Amazon has spent years and years and no small amount of money trying to get away with having non-union drivers it can treat like garbage. Well, hundreds of drivers at one facility in Queens, New York, have decided to say goodbye to the pee bottles and hello to the Teamsters, the union reported on Monday. Good for them!
Drivers at the facility, known as DBK4, have been working with the Teamsters to form a union for over a year, and now that they have been successful, Amazon will be required to come to the table with the Teamsters to negotiate contracts for them. Their wish list includes such big asks as “consistent schedules, properly maintained delivery trucks and reasonable workloads.”
This is a big deal not just because Amazon is so resistant to unions, but because it’s the result of two separate recent National Labor Relations Board rulings that held that Amazon is a joint owner of the delivery firms it contracts with, and is therefore obligated to negotiate with unions representing them.
In one case, the Teamsters organized workers at one of Amazon’s contracted delivery service providers in California, only for Amazon to turn around and end their contract. Amazon said it was planning to do this before it even heard the word “union,” while the workers were quite sure it was retaliation. Though they were unable to prove that it was retaliation, the board held that Amazon was, indeed, considered a joint employer of the drivers.
In another case, earlier this month, the NLRB held that Amazon was making unlawful threats to employees considering unionization at a firm in Atlanta, and that it was specifically unlawful because of their status as a joint employer.
“The NLRB made clear that Amazon has a legal obligation to bargain with its drivers and meet them at the negotiating table to improve wages, working conditions, safety standards, and everything in between,” Sean O’Brien, general president of the Teamsters, said in a statement.

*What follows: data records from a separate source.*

lemma directed_completion_dense:
  fixes Y :: "'w set"
  assumes C: "directed_completion TYPE('w set) X le Y leY j" and poset_X: "poset X le"
  shows "dense Y leY (j ` X)"
proof -
  have dcpo_Y: "dcpo Y leY" and mcp_j: "mcp X le Y leY j"
    using directed_completionD[OF C] by blast+
  have jX: "j ` X \<subseteq> Y" using mcp_into[OF mcp_j] by blast
  define K where "K = dclosure Y leY (j ` X)"
  have KY: "K \<subseteq> Y" unfolding K_def by (rule dclosure_carrier[OF jX])
  have K_closed: "dsup_closed Y leY K" unfolding K_def by (rule dsup_closed_dclosure[OF jX])
  have jK: "j ` X \<subseteq> K" unfolding K_def by (rule dclosure_subset)
  have "mcp X le (singletons K) (singleton_le leY) (\<lambda>x. {j x})"
    unfolding mcp_singletons_iff by (rule mcp_restrict_codomain[OF mcp_j jK KY])
  then obtain R where R: "mcp Y leY (singletons K) (singleton_le leY) R" "\<forall>x\<in>X. R (j x) = {j x}"
    using directed_completion_extend[OF C dcpo_singletons[OF dcpo_dsup_closed[OF dcpo_Y K_closed]]]
    by blast
  define r where "r y = the_elem (R y)" for y
  have R_eq: "R y = {r y}" and rK: "r y \<in> K" if "y \<in> Y" for y
    using mcp_into[OF R(1) that] unfolding r_def by (auto elim: singletonsE)
  have "mcp Y leY (singletons K) (singleton_le leY) (\<lambda>y. {r y})"
    using R(1) by (subst mcp_cong[where g = R]) (simp_all add: R_eq)
  then have "mcp Y leY K leY r"
    by (simp only: mcp_singletons_iff)
  then have "mcp Y leY (singletons Y) (singleton_le leY) (\<lambda>y. {r y})"
    unfolding mcp_singletons_iff by (rule mcp_dsup_closed_codomain[OF dcpo_poset[OF dcpo_Y] dcpo_Y K_closed])
  moreover have "mcp Y leY (singletons Y) (singleton_le leY) (\<lambda>y. {y})"
    unfolding mcp_singletons_iff by (rule mcp_id)
  moreover have "{r (j x)} = {j x}" if "x \<in> X" for x
    using R(2) R_eq jX that by (metis image_subset_iff)
  ultimately have "{r y} = {y}" if "y \<in> Y" for y
    using directed_completion_unique[OF C poset_X dcpo_singletons[OF dcpo_Y], of "\<lambda>y. {r y}" "\<lambda>y. {y}"]
      that by blast
  then have "Y \<subseteq> K" using rK by (metis singleton_inject subsetI)
  then show ?thesis unfolding dense_def K_def using dclosure_carrier[OF jX] by blast
qed

lemma is_sup_two_point: "P \<subseteq> {{}, UNIV} \<Longrightarrow> is_sup {{}, UNIV} (\<subseteq>) P (\<Union>P)"
proof -
  assume P: "P \<subseteq> {{}, UNIV}"
  have "\<Union>P \<in> {{}, UNIV}"
  proof (cases "UNIV \<in> P")
    case True
    then show ?thesis by blast
  next
    case False
    then have "\<Union>P = {}" using P by blast
    then show ?thesis by blast
  qed
  then show ?thesis unfolding is_sup_def by blast
qed

lemma dcpo_two_point: "dcpo {{}, UNIV} (\<subseteq>)"
  unfolding dcpo_def
proof (intro conjI allI impI)
  show "poset {{}, UNIV} (\<subseteq>)" unfolding poset_def by auto
  fix P assume "directed {{}, UNIV} (\<subseteq>) P"
  then show "\<exists>s. is_sup {{}, UNIV} (\<subseteq>) P s" using is_sup_two_point[OF directed_subset] by blast
qed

They did! Though we do certainly hope that Sean O’Brien — who spoke at this year’s RNC — is aware that if Donald Trump wins, he will once again appoint anti-labor, corporate attorneys to the NLRB who will, more than likely, reinstate their own rule about who qualifies as a joint employer faster than you can say Project 2025.
That rule, known as the March 2020 rule, says that a company is determined to be a joint employer based on whether or not the company “(1) hires or fires the employee; (2) supervises and controls the employee’s work schedule or conditions of employment to a substantial degree; (3) determines the employee’s rate and method of payment; and (4) maintains the employee’s employment records.”
In other words, Amazon would not qualify and therefore could refuse to work with any contracted delivery service if their workers unionize, whereas they do qualify as a joint employer under the current (and longstanding previous) rule, which holds that an employer “includes any person acting directly or indirectly in the interest of an employer in relation to an employee.” That, obviously, does include Amazon in these cases.
It’s almost as if elections have consequences! And that sometimes those consequences can be “unionized Amazon workers not having to pee in bottles anymore” and other times those consequences are “Amazon can do whatever the fuck they want.”
Which will America (and Sean O’Brien) choose?